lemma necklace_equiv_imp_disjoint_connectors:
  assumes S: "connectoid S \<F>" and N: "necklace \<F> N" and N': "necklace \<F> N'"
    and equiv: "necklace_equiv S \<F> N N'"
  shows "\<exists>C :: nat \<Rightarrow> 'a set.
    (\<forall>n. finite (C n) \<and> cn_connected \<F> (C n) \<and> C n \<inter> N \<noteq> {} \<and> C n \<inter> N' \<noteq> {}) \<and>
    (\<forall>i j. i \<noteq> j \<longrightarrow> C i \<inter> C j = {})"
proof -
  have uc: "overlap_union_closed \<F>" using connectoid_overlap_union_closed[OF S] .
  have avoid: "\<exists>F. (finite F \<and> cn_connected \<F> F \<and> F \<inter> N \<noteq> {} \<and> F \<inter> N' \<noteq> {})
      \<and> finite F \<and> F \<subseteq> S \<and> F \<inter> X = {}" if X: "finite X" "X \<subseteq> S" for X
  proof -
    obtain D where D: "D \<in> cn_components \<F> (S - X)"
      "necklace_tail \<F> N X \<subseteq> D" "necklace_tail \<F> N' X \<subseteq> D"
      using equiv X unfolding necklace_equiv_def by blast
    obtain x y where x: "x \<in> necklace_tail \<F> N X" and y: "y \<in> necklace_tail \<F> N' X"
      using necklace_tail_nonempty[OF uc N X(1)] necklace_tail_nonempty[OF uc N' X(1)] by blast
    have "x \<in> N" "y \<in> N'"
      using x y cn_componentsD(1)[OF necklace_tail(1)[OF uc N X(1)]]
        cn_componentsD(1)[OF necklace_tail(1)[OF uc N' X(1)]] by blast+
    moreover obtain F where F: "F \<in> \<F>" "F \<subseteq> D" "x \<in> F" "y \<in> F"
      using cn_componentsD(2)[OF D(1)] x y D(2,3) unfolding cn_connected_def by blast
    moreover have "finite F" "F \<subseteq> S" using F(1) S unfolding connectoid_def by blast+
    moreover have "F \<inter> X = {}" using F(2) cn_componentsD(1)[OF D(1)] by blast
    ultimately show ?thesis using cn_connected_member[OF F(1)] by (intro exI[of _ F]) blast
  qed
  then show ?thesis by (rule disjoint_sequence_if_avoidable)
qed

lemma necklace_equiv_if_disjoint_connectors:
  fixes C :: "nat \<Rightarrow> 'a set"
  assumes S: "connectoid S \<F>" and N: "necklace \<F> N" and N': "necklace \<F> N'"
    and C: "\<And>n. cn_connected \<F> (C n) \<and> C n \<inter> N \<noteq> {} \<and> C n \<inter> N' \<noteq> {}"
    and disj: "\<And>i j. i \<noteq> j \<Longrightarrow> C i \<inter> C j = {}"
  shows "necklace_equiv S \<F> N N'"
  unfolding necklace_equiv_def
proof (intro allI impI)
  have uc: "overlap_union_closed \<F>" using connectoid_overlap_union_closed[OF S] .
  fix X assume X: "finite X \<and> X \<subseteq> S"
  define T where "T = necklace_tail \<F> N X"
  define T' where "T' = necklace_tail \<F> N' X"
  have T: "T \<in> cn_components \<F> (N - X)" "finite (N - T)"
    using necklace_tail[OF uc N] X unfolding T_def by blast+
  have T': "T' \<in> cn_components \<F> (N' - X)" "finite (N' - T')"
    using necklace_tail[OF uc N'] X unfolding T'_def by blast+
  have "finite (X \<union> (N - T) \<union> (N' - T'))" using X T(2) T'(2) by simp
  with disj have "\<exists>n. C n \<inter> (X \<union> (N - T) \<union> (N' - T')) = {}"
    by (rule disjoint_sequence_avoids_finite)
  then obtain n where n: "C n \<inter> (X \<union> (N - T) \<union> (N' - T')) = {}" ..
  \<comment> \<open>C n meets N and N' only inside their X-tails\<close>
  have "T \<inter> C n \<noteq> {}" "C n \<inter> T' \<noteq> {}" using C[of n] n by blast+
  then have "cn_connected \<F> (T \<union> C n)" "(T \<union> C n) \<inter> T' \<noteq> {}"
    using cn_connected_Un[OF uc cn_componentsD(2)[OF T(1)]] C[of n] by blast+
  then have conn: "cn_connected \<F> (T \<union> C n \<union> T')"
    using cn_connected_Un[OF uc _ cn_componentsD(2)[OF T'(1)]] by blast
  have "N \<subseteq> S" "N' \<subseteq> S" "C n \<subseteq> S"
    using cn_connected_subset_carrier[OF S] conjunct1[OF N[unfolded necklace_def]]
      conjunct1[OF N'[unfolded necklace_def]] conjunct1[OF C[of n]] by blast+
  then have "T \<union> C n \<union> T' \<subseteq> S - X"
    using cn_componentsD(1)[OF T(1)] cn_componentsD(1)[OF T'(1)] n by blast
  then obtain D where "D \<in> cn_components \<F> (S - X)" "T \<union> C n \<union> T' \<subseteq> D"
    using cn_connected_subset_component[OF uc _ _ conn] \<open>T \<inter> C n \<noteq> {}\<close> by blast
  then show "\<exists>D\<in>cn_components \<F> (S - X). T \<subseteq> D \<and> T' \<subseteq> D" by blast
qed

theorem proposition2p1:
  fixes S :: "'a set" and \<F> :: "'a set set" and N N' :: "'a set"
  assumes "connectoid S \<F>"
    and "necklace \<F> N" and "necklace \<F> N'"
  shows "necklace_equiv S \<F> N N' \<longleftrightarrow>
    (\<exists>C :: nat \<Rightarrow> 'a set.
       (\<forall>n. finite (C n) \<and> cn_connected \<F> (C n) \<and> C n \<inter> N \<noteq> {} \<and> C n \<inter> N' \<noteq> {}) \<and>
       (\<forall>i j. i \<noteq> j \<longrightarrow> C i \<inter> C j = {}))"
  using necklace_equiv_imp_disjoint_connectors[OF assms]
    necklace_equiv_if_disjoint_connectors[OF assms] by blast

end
■ ■ ■ ■ ■ ■ ■
What you will do =
Go line by line through the data, copying each one that contains the word "assms".

Your solution =
  using necklace_equiv_imp_disjoint_connectors[OF assms]
    necklace_equiv_if_disjoint_connectors[OF assms] by blast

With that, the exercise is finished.